:: Your goal ::
Pull every line with the word "real" out of the entries below.

Stored data
[Start of Attachment]

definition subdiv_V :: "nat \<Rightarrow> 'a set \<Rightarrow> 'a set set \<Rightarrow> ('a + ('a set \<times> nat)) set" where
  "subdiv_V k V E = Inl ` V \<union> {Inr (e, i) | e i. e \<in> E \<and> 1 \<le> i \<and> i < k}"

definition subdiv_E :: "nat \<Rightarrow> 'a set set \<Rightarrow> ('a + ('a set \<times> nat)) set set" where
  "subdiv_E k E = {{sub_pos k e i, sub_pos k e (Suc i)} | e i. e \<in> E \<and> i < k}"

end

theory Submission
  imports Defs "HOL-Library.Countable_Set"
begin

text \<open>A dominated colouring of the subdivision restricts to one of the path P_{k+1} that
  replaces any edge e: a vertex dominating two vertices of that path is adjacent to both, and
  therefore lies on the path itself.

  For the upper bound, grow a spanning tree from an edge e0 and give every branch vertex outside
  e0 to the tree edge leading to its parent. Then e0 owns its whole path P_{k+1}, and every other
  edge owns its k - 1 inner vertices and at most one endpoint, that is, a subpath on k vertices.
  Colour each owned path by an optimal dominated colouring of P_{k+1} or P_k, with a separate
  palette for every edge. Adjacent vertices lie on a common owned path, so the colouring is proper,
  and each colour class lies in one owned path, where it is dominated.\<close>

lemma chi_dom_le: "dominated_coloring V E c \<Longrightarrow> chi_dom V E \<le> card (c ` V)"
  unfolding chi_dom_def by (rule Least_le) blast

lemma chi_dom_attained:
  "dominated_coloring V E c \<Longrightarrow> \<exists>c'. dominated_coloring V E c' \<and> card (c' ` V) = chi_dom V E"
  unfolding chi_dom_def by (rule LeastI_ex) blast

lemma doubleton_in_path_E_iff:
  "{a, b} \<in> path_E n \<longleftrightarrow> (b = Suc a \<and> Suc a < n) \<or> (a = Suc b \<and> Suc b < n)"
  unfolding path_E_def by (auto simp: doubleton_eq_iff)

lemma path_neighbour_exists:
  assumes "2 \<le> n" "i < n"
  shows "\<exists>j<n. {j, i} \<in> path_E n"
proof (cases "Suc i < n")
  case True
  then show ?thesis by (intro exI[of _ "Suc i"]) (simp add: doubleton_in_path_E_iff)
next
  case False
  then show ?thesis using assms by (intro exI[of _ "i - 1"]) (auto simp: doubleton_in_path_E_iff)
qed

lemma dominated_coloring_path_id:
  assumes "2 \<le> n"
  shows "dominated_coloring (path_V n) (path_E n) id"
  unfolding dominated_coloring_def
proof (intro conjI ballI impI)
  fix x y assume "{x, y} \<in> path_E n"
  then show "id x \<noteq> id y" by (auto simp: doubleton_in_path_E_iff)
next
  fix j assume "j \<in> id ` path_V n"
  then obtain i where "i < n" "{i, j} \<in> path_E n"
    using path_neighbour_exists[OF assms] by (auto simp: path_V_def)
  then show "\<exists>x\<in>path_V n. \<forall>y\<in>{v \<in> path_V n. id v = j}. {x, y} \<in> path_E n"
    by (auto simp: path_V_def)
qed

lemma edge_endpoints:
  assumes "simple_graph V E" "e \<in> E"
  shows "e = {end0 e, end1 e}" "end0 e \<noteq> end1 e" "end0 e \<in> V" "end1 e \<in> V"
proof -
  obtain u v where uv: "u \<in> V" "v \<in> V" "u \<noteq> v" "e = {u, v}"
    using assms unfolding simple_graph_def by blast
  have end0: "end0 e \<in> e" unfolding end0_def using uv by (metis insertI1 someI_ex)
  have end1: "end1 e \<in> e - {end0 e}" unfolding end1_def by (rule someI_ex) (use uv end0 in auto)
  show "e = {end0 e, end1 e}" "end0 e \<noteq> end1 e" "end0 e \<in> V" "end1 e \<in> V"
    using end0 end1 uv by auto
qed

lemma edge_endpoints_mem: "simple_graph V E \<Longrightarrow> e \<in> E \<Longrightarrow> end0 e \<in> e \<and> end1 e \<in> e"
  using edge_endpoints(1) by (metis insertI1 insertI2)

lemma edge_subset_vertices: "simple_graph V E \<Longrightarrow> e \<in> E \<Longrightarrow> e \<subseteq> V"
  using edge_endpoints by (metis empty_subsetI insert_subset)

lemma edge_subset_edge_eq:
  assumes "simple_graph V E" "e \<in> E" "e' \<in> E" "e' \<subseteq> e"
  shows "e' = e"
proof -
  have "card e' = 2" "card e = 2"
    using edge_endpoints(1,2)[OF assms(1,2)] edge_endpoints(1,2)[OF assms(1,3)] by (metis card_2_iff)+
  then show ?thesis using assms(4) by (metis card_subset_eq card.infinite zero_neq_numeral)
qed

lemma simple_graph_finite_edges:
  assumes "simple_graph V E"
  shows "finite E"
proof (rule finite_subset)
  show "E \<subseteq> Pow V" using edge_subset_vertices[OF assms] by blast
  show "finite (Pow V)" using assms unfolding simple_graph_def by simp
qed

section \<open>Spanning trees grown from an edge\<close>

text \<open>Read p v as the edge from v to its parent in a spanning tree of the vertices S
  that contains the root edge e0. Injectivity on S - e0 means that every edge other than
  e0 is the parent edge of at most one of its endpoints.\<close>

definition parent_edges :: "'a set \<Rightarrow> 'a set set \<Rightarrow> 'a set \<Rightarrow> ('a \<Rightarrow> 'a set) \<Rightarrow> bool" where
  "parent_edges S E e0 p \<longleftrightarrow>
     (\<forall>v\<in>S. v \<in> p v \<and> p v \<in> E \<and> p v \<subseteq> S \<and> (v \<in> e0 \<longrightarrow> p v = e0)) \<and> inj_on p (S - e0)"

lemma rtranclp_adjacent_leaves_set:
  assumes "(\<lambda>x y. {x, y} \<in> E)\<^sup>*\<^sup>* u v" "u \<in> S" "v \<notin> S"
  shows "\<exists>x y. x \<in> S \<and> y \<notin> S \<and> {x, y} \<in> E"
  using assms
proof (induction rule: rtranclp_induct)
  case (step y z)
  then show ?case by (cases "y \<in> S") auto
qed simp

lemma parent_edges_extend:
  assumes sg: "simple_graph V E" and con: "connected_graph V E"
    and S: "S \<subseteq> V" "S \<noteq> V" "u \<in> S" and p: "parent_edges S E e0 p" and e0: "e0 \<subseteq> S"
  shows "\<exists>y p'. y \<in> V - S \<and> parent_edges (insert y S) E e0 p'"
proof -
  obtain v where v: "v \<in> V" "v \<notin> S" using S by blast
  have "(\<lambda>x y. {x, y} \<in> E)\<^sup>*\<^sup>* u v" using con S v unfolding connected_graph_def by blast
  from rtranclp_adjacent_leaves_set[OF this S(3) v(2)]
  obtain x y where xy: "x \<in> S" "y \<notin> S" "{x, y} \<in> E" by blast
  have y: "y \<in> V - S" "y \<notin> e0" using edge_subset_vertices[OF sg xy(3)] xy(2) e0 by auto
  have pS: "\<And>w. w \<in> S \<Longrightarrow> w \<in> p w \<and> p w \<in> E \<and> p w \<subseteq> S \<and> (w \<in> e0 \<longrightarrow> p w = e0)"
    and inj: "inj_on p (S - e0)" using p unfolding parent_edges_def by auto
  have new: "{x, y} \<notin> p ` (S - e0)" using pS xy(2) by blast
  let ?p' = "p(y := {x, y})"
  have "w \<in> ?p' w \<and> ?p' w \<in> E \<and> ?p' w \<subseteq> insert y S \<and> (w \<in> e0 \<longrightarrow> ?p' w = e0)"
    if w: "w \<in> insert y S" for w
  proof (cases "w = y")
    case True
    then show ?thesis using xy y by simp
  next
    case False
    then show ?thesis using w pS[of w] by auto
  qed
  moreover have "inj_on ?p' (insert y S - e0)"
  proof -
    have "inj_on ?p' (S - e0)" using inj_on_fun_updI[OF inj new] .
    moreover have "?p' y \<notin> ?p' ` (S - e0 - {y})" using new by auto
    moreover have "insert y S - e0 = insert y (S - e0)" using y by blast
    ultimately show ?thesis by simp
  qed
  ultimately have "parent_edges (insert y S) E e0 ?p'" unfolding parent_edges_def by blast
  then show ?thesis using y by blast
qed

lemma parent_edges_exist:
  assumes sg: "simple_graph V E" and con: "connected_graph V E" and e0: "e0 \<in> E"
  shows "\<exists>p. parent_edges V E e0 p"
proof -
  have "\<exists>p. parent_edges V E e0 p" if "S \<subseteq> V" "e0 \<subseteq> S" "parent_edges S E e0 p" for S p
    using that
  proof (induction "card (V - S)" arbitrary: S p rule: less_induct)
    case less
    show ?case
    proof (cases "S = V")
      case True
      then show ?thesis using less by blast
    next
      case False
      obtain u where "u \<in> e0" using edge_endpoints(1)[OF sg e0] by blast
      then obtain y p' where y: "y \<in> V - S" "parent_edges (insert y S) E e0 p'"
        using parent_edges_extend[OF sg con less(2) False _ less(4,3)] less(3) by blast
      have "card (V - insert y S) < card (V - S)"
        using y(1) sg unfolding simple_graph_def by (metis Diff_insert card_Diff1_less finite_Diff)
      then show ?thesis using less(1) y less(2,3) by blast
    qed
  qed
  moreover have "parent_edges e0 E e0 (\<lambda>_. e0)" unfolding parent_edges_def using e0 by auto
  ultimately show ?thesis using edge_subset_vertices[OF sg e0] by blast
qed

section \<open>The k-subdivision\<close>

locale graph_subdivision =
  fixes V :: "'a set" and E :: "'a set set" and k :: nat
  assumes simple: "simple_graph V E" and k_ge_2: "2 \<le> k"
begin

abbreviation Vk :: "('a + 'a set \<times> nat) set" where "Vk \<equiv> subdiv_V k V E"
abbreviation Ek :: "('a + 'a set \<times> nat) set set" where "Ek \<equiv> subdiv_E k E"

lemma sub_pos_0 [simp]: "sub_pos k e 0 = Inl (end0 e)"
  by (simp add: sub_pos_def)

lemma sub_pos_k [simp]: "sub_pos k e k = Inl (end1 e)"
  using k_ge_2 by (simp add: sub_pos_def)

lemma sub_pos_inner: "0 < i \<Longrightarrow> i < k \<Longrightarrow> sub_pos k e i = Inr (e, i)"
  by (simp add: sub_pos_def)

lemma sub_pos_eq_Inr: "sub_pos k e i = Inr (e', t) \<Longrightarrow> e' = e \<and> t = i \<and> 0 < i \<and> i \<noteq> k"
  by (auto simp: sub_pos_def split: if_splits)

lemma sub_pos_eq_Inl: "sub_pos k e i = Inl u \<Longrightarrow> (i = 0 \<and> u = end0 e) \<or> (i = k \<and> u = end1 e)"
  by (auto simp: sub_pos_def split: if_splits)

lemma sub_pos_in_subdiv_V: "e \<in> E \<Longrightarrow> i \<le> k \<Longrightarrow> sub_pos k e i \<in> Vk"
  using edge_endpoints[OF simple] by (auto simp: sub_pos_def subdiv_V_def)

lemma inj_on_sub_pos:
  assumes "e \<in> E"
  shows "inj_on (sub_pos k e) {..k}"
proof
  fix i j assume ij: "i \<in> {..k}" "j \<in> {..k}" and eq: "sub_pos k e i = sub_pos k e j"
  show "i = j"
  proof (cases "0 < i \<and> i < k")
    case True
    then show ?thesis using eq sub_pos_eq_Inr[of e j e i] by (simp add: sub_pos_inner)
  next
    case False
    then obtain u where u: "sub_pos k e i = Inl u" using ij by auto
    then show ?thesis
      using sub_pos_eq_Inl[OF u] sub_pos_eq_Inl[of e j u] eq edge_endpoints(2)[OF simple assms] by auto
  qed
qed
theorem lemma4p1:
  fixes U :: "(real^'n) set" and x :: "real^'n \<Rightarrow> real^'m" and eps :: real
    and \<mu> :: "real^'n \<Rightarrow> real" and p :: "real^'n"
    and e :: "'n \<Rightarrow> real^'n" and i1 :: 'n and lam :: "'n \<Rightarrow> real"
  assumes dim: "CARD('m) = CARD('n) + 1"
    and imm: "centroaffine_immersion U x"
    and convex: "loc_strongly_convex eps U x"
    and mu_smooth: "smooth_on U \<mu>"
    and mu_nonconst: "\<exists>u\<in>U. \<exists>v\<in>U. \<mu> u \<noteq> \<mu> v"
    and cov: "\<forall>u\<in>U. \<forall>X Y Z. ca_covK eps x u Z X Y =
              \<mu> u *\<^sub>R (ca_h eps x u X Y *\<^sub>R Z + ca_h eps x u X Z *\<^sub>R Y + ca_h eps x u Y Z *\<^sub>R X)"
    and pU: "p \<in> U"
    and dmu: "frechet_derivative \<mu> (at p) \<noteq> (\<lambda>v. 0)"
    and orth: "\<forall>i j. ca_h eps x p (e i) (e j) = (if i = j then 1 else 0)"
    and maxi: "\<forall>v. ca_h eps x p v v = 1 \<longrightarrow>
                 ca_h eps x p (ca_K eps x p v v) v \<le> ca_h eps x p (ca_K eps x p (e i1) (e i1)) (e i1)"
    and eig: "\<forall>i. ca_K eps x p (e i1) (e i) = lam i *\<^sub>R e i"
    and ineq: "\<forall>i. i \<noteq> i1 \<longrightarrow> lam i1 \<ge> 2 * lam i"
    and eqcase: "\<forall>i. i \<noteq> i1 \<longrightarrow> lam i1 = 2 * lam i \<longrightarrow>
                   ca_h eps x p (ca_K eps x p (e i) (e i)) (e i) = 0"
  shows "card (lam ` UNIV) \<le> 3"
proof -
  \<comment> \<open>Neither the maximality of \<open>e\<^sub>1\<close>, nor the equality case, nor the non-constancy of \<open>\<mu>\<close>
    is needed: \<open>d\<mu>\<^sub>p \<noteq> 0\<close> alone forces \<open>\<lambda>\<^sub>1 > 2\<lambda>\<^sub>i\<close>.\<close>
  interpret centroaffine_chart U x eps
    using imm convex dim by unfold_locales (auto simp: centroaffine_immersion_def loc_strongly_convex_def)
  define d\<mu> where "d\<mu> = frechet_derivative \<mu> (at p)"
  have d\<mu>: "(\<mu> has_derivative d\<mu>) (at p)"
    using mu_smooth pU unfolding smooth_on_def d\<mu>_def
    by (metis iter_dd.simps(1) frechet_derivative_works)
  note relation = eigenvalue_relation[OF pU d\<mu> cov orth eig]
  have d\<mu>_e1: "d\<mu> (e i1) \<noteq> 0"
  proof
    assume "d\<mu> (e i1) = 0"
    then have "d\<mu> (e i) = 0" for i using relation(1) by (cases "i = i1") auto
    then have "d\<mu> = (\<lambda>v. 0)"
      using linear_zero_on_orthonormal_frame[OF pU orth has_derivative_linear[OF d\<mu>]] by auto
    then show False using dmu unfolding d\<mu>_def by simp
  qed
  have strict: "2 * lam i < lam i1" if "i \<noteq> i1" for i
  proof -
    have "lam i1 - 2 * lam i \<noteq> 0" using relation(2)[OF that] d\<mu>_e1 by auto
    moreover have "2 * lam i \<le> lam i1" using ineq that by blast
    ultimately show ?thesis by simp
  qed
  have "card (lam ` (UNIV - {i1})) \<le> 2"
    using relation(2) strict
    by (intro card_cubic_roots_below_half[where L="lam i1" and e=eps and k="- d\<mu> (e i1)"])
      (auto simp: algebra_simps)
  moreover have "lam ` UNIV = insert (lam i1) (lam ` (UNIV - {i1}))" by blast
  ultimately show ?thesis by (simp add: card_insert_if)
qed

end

[End of Attachment]

:: Result ::
  fixes U :: "(real^'n) set" and x :: "real^'n \<Rightarrow> real^'m" and eps :: real
    and \<mu> :: "real^'n \<Rightarrow> real" and p :: "real^'n"
    and e :: "'n \<Rightarrow> real^'n" and i1 :: 'n and lam :: "'n \<Rightarrow> real"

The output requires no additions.